**Work item**: Nothing outside the range is wanted. Repeat exactly the lines below from the one with "the set of nonzero" through the one with "by (simp add: prod.distrib)".

[Stored items]

(* Let $N\geq 1$ and let $a_1,\dots,a_N$ be real numbers with $1<a_1<a_2<\cdots<a_N$; set $a_0=1$ and $\mathbf{a}=(a_1,\dots,a_N)$. Let $\delta>0$. Then: (a) If $f:[0,\delta]\to\mathbb{R}$ is a solution of $f(x)+f(a_1x)+\cdots+f(a_Nx)=0$ on $[0,\delta]$ and $f\in C^{(m(\mathbf{a}))}[0,\delta]$, then $f\equiv 0$ on $[0,\delta]$. (b) If $f:[-\delta,0]\to\mathbb{R}$ is a solution of $f(x)+f(a_1x)+\cdots+f(a_Nx)=0$ on $[-\delta,0]$ and $f\in C^{(m(\mathbf{a}))}[-\delta,0]$, then $f\equiv 0$ on $[-\delta,0]$.
   Context: For an interval $I\subseteq\mathbb{R}$, a function $f:I\to\mathbb{R}$ is called a solution of $f(x)+f(a_1x)+\cdots+f(a_Nx)=0$ on $I$ if $f(x)+f(a_1x)+\cdots+f(a_Nx)=0$ holds for every $x$ such that $\{x,a_1x,\dots,a_Nx\}\subseteq I$. With $a_0=1$, define the natural number $m(\mathbf{a})=\min\{m\in\mathbb{N}: \sum_{k=0}^{N-1}(a_k/a_N)^m<1\}$ (well defined since $0<a_k/a_N<1$ for $0\le k\le N-1$). $C^{(m)}[\alpha,\beta]$ denotes the $m$ times continuously differentiable functions on $[\alpha,\beta]$ (one-sided derivatives at endpoints). *)

theory Defs
  imports "HOL-Analysis.Analysis"
begin

text \<open>f is a solution of f(x) + f(a_1 x) + ... + f(a_N x) = 0 on the interval I
  (with a 0 = 1): the equation holds for every x with all a_k x in I.\<close>
definition is_solution_on :: "nat \<Rightarrow> (nat \<Rightarrow> real) \<Rightarrow> real set \<Rightarrow> (real \<Rightarrow> real) \<Rightarrow> bool" where
  "is_solution_on N a I f \<longleftrightarrow>
     (\<forall>x. (\<forall>k\<le>N. a k * x \<in> I) \<longrightarrow> (\<Sum>k\<le>N. f (a k * x)) = 0)"
definition CV_lagrange_multipliers :: "real \<Rightarrow> real \<Rightarrow> real \<Rightarrow> real \<Rightarrow> ('r::finite \<Rightarrow> 'r \<Rightarrow> real)
   \<Rightarrow> ('r \<Rightarrow> 'r \<Rightarrow> real) \<Rightarrow> ('r \<Rightarrow> real) \<Rightarrow> ('r \<Rightarrow> 'r \<Rightarrow> real) \<Rightarrow> ('r \<Rightarrow> real) \<Rightarrow> bool" where
  "CV_lagrange_multipliers p R c N b t bC x w \<longleftrightarrow>
     (\<forall>i. 0 \<le> w i) \<and>
     (\<forall>i. w i * (bC i - inflow x i) = 0) \<and>
     (\<forall>y. nonneg_mat y \<and> flow_balance b y \<longrightarrow>
        CV_obj p R c N b t y - ereal (\<Sum>i\<in>UNIV. w i * (inflow y i - bC i))
          \<le> CV_obj p R c N b t x - ereal (\<Sum>i\<in>UNIV. w i * (inflow x i - bC i)))"

end

theory Submission
  imports Defs
begin

text \<open>Write \<open>D y = \<Sum>\<^sub>i\<^sub>\<alpha> (\<tau>\<^sub>i\<^sub>\<alpha> + w\<^sub>\<alpha>) y\<^sub>i\<^sub>\<alpha>\<close> for the fleet-mass functional of condition (i).
  Both \<open>r\<cdot>y\<close> and \<open>D y\<close> are linear and the nonnegative flow-balanced matrices form a
  cone, so maximality of \<open>x\<close> on the slice \<open>D = N\<close> scales to \<open>r\<cdot>y \<le> (r\<cdot>x) D y / N\<close> on the
  whole cone.  With \<open>ln u \<le> u - 1\<close> this yields \<open>N log (r\<cdot>y) - D y \<le> N log (r\<cdot>x) - N\<close>.
  Since \<open>D y = \<tau>\<cdot>y + \<Sum>\<^sub>i w\<^sub>i inflow\<^sub>i y\<close>, this says that \<open>x\<close> maximizes the partial Lagrangian
  with multipliers \<open>w\<close>; complementary slackness (iii) and feasibility (ii) then make \<open>x\<close>
  optimal.\<close>

definition mat_inner :: "('r::finite \<Rightarrow> 'r \<Rightarrow> real) \<Rightarrow> ('r \<Rightarrow> 'r \<Rightarrow> real) \<Rightarrow> real" where
  "mat_inner f y = (\<Sum>i\<in>UNIV. \<Sum>a\<in>UNIV. f i a * y i a)"

lemma mat_inner_scale_right:
  "mat_inner f (\<lambda>i a. k * y i a) = k * mat_inner f y"
  unfolding mat_inner_def by (simp add: sum_distrib_left mult_ac)

lemma mat_inner_scale_left:
  "mat_inner (\<lambda>i a. k * f i a) y = k * mat_inner f y"
  unfolding mat_inner_def by (simp add: sum_distrib_left mult_ac)

lemma mat_inner_mono:
  assumes "\<And>i a. f i a \<le> g i a" and "nonneg_mat y"
  shows "mat_inner f y \<le> mat_inner g y"
  using assms unfolding mat_inner_def nonneg_mat_def by (intro sum_mono mult_right_mono) auto
text \<open>
  Conjugation by a generator of \<open>J\<close> sends \<open>X\<^sub>\<alpha>Z\<^sub>\<beta>\<close> to a multiple of another
  \<open>X\<^sub>\<alpha>\<^sub>'Z\<^sub>\<beta>\<^sub>'\<close>, i.e. acts on the labels \<open>(\<alpha>, \<beta>)\<close>:
  \<open>F\<close> gives \<open>(\<beta>, -\<alpha>)\<close>, \<open>M\<^sub>\<gamma>\<close> gives \<open>(\<alpha>/\<gamma>, \<beta>\<gamma>)\<close>, and for odd \<open>q\<close>
  \<open>P\<^sub>\<gamma>\<close> gives \<open>(\<alpha>, \<beta> + \<gamma>\<alpha>)\<close>, while for even \<open>q\<close> already \<open>P\<^sub>1\<close> gives
  \<open>(\<alpha>, \<beta> + \<alpha>)\<close>. These moves join every nonzero label to \<open>(1, 0)\<close>: \<open>F\<close> makes
  \<open>\<alpha> \<noteq> 0\<close>; for odd \<open>q\<close>, \<open>P\<^bsub>-\<beta>/\<alpha>\<^esub>\<close> then clears \<open>\<beta>\<close> and \<open>M\<^sub>\<alpha>\<close>
  normalises \<open>\<alpha>\<close>; for even \<open>q\<close>, every element is a square, say \<open>\<alpha>\<beta> = g\<^sup>2\<close>, and
  \<open>(\<alpha>, \<beta>) \<mapsto> (1, g\<^sup>2) \<mapsto> (g, g) \<mapsto> (g, 0) \<mapsto> (1, 0)\<close>.
  The phases come from the additive character \<open>\<chi>(x) = \<omega>\<^bsup>tr(x)\<^esup>\<close>, a nontrivial
  homomorphism; for even \<open>q\<close> also \<open>tr(xy) = |supp x \<inter> supp y| mod 2\<close>, where \<open>supp\<close> is
  the set of nonzero coordinates in the self-dual basis.
\<close>

section \<open>Finite fields, roots of unity and additive characters\<close>

text \<open>The library version \<open>finite_field_power_card_eq_same\<close> requires the sort \<open>finite_field\<close>,
  which a type variable of sort \<open>{finite,field}\<close> does not have.\<close>

lemma power_card_eq_self:
  fixes x :: "'a::{finite,field}"
  shows "x ^ CARD('a) = x"
proof (cases "x = 0")
  case False
  define U where "U = UNIV - {0::'a}"
  have "(\<Prod>y\<in>U. x * y) = (\<Prod>y\<in>U. y)"
    using False by (intro prod.reindex_bij_witness[of _ "\<lambda>y. y / x" "\<lambda>y. x * y"]) (auto simp: U_def)
  then have "x ^ card U * \<Prod>U = \<Prod>U"
    by (simp add: prod.distrib)
  moreover have "\<Prod>U \<noteq> 0"
    by (simp add: U_def)
  ultimately have "x ^ card U = 1"
    by simp
  moreover have "CARD('a) = Suc (card U)"
    unfolding U_def using finite_UNIV_card_ge_0[where 'a='a] by (simp add: card_Diff_singleton)
  ultimately show ?thesis
    by simp
qed (simp add: finite_UNIV_card_ge_0)

lemma omega_pow_add: "omega_pow p (k + l) = omega_pow p k * omega_pow p l"
  unfolding omega_pow_def by (simp add: exp_add[symmetric] add_divide_distrib ring_distribs)

lemma omega_pow_eq_1_iff:
  assumes "p > 0"
  shows "omega_pow p k = 1 \<longleftrightarrow> int p dvd k"
proof -
  have angle_iff: "2 * pi * of_int k / real p = of_int (2 * n) * pi \<longleftrightarrow> k = int p * n" for n :: int
  proof -
    have "2 * pi * of_int k / real p = of_int (2 * n) * pi \<longleftrightarrow> real_of_int k = real p * of_int n"
      using assms pi_gt_zero by (auto simp: field_simps)
    also have "\<dots> \<longleftrightarrow> k = int p * n"
      by (metis of_int_eq_iff of_int_mult of_int_of_nat_eq)
    finally show ?thesis .
  qed
  have "omega_pow p k = 1 \<longleftrightarrow> (\<exists>n::int. 2 * pi * of_int k / real p = of_int (2 * n) * pi)"
    unfolding omega_pow_def exp_eq_1 by simp
  then show ?thesis
    unfolding angle_iff by (auto simp: dvd_def)
qed

lemma omega_pow_cong:
  assumes "[k = l] (mod int p)"
  shows "omega_pow p k = omega_pow p l"
proof (cases "p = 0")
  case False
  then have "omega_pow p (k - l) = 1"
    using assms by (simp add: omega_pow_eq_1_iff cong_iff_dvd_diff)
  then show ?thesis
    using omega_pow_add[of p l "k - l"] by simp
qed (use assms in \<open>simp add: cong_def\<close>)

lemma omega_pow_2: "omega_pow 2 (int k) = (-1) ^ k"
proof -
  have "omega_pow 2 (int k) = exp (of_nat k * (of_real pi * \<i>))"
    unfolding omega_pow_def by (simp add: mult_ac)
  then show ?thesis
    by (simp only: exp_of_nat_mult exp_pi_i)
qed

lemma sum_additive_character_eq_0:
  fixes \<psi> :: "'a::{finite,ab_group_add} \<Rightarrow> 'b::idom"
  assumes hom: "\<And>x y. \<psi> (x + y) = \<psi> x * \<psi> y" and "\<psi> y \<noteq> 1"
  shows "(\<Sum>x\<in>UNIV. \<psi> x) = 0"
proof -
  have "(\<Sum>x\<in>UNIV. \<psi> x) = (\<Sum>x\<in>UNIV. \<psi> (x + y))"
    by (rule sum.reindex_bij_witness[of _ "\<lambda>x. x + y" "\<lambda>x. x - y"]) auto
  also have "\<dots> = \<psi> y * (\<Sum>x\<in>UNIV. \<psi> x)"
    by (simp add: hom sum_distrib_left mult.commute)
  finally have "(1 - \<psi> y) * (\<Sum>x\<in>UNIV. \<psi> x) = 0"
    by (simp add: algebra_simps)
  then show ?thesis
    using assms(2) by simp
qed

lemma power_i_card_symdiff:
  assumes "finite S" "finite A"
  shows "(- \<i>) ^ card S = \<i> ^ card A * (- \<i>) ^ card ((S - A) \<union> (A - S)) * (-1) ^ card (A \<inter> S)"
proof -
  define x y k where "x = card (S - A)" and "y = card (A - S)" and "k = card (A \<inter> S)"
  have "card S = x + k" "card A = y + k"
    unfolding x_def y_def k_def using assms card_Int_Diff[of S A] card_Int_Diff[of A S]
    by (simp_all add: Int_commute)
  moreover have "card ((S - A) \<union> (A - S)) = x + y"
    unfolding x_def y_def using assms by (subst card_Un_disjoint) auto
  moreover have "\<i> ^ y * (- \<i>) ^ y = 1" "\<i> ^ k * (-1) ^ k = (- \<i>) ^ k"
    by (simp_all flip: power_mult_distrib)
  ultimately show ?thesis
    unfolding k_def[symmetric] by (simp add: power_add mult_ac)
qed

lemma matrix_mul_entry_single:
  fixes A :: "'a::semiring_1^'m^'n" and B :: "'a^'p^'m"
  assumes "\<And>j. j \<noteq> k \<Longrightarrow> A $ r $ j * B $ j $ s = 0"
  shows "(A ** B) $ r $ s = A $ r $ k * B $ k $ s"
proof -
  have "(A ** B) $ r $ s = (\<Sum>j\<in>UNIV. A $ r $ j * B $ j $ s)"
    by (simp add: matrix_matrix_mult_def)
  also have "\<dots> = (\<Sum>j\<in>{k}. A $ r $ j * B $ j $ s)"
    using assms by (intro sum.mono_neutral_right) auto
  finally show ?thesis
    by simp
qed

lemma mat_mul_entry: "(mat c ** A) $ r $ s = c * (A $ r $ s :: 'a::semiring_1)"
  by (subst matrix_mul_entry_single[where k = r]) (auto simp: mat_def)

lemma mul_mat_entry: "(A ** mat c) $ r $ s = (A $ r $ s :: 'a::semiring_1) * c"
  by (subst matrix_mul_entry_single[where k = s]) (auto simp: mat_def)

lemma mat_mul_commute: "(A :: 'a::comm_semiring_1^'n^'n) ** mat c = mat c ** A"
  by (simp add: vec_eq_iff mat_mul_entry mul_mat_entry mult.commute)

lemma matrix_mul_left_commute_mat:
  "(A :: 'a::comm_semiring_1^'n^'n) ** (mat c ** B) = mat c ** (A ** B)"
  by (metis mat_mul_commute matrix_mul_assoc)

lemma mat_mul_mat: "mat c ** mat d = (mat (c * d) :: 'a::semiring_1^'n^'n)"
  by (simp add: vec_eq_iff mat_mul_entry) (simp add: mat_def)

lemma matrix_inv_left: "invertible A \<Longrightarrow> matrix_inv A ** A = mat 1"
  and matrix_inv_right: "invertible A \<Longrightarrow> A ** matrix_inv A = mat 1"
  unfolding invertible_def matrix_inv_def by (metis (mono_tags, lifting) someI_ex)+

lemma invertible_matrix_inv: "invertible A \<Longrightarrow> invertible (matrix_inv A)"
  using matrix_inv_left matrix_inv_right unfolding invertible_def by blast

lemma matrix_inv_mat_1: "matrix_inv (mat 1 :: 'a::semiring_1^'n^'n) = mat 1"
proof -
  have "invertible (mat 1 :: 'a^'n^'n)"
    unfolding invertible_def by (intro exI[of _ "mat 1"]) simp
  then show ?thesis
    using matrix_inv_right[of "mat 1 :: 'a^'n^'n"] by simp
qed

lemma invertible_diagonal:
  fixes D :: "'a::field^'n^'n"
  assumes "\<And>i j. i \<noteq> j \<Longrightarrow> D $ i $ j = 0" and "\<And>i. D $ i $ i \<noteq> 0"
  shows "invertible D"
proof -
  define E :: "'a^'n^'n" where "E = (\<chi> i j. if i = j then inverse (D $ i $ i) else 0)"
  have "(D ** E) $ i $ j = mat 1 $ i $ j" for i j
    by (subst matrix_mul_entry_single[where k = i]) (use assms in \<open>auto simp: E_def mat_def\<close>)
  then have "D ** E = mat 1"
    by (simp add: vec_eq_iff)
  then show ?thesis
    by (auto simp: invertible_right_inverse)
qed

section \<open>The trace of a finite field and its additive character\<close>

locale finite_field_trace =
  fixes p m :: nat
  assumes prime_p: "prime p"
    and card_field: "CARD('a::{finite,field}) = p ^ m"
    and of_nat_p: "of_nat p = (0::'a)"
begin

lemma p_gt_1: "p > 1"
  using prime_p prime_gt_1_nat by blast

lemma CHAR_field: "CHAR('a) = p"
proof -
  have "CHAR('a) dvd p"
    using of_nat_p of_nat_eq_0_iff_char_dvd by blast
  then show ?thesis
    using prime_p CHAR_not_1 by (metis One_nat_def prime_nat_iff)
qed

lemma of_nat_inj_below_p: "i < p \<Longrightarrow> j < p \<Longrightarrow> (of_nat i :: 'a) = of_nat j \<Longrightarrow> i = j"
  by (simp add: of_nat_eq_iff_cong_CHAR CHAR_field cong_less_modulus_unique_nat)

lemma frobenius_add: "(x + y :: 'a) ^ (p ^ k) = x ^ (p ^ k) + y ^ (p ^ k)"
  by (rule freshmans_dream'[where n = k]) (simp_all add: CHAR_field prime_p)

lemma frobenius_sum: "(sum f A :: 'a) ^ (p ^ k) = (\<Sum>i\<in>A. f i ^ (p ^ k))"
  by (rule freshmans_dream_sum'[where n = k]) (simp_all add: CHAR_field prime_p)

lemma ftr_add: "ftr p m (x + y :: 'a) = ftr p m x + ftr p m y"
  unfolding ftr_def by (simp add: frobenius_add sum.distrib)

lemma ftr_sum: "ftr p m (sum f A :: 'a) = (\<Sum>i\<in>A. ftr p m (f i))"
  unfolding ftr_def frobenius_sum by (rule sum.swap)

lemma ftr_power_p: "ftr p m (x::'a) ^ p = ftr p m x"
proof -
  have "ftr p m x ^ p = (\<Sum>k<m. (x ^ (p ^ k)) ^ p)"
    unfolding ftr_def using frobenius_sum[of "\<lambda>k. x ^ (p ^ k)" "{..<m}" 1] by simp
  also have "\<dots> = (\<Sum>k<m. x ^ (p ^ Suc k))"
    by (simp add: power_mult[symmetric] mult.commute)
  also have "\<dots> = (\<Sum>k<m. x ^ (p ^ k))"
  proof -
    have "x ^ (p ^ 0) + (\<Sum>k<m. x ^ (p ^ Suc k)) = (\<Sum>k<Suc m. x ^ (p ^ k))"
      by (rule sum.lessThan_Suc_shift[symmetric])
    also have "\<dots> = (\<Sum>k<m. x ^ (p ^ k)) + x ^ (p ^ 0)"
      using power_card_eq_self[of x] by (simp add: card_field)
    finally show ?thesis
      by simp
  qed
  finally show ?thesis
    unfolding ftr_def .
qed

**Exercise response**:
  the set of nonzero coordinates in the self-dual basis.
\<close>

section \<open>Finite fields, roots of unity and additive characters\<close>

text \<open>The library version \<open>finite_field_power_card_eq_same\<close> requires the sort \<open>finite_field\<close>,
  which a type variable of sort \<open>{finite,field}\<close> does not have.\<close>

lemma power_card_eq_self:
  fixes x :: "'a::{finite,field}"
  shows "x ^ CARD('a) = x"
proof (cases "x = 0")
  case False
  define U where "U = UNIV - {0::'a}"
  have "(\<Prod>y\<in>U. x * y) = (\<Prod>y\<in>U. y)"
    using False by (intro prod.reindex_bij_witness[of _ "\<lambda>y. y / x" "\<lambda>y. x * y"]) (auto simp: U_def)
  then have "x ^ card U * \<Prod>U = \<Prod>U"
    by (simp add: prod.distrib)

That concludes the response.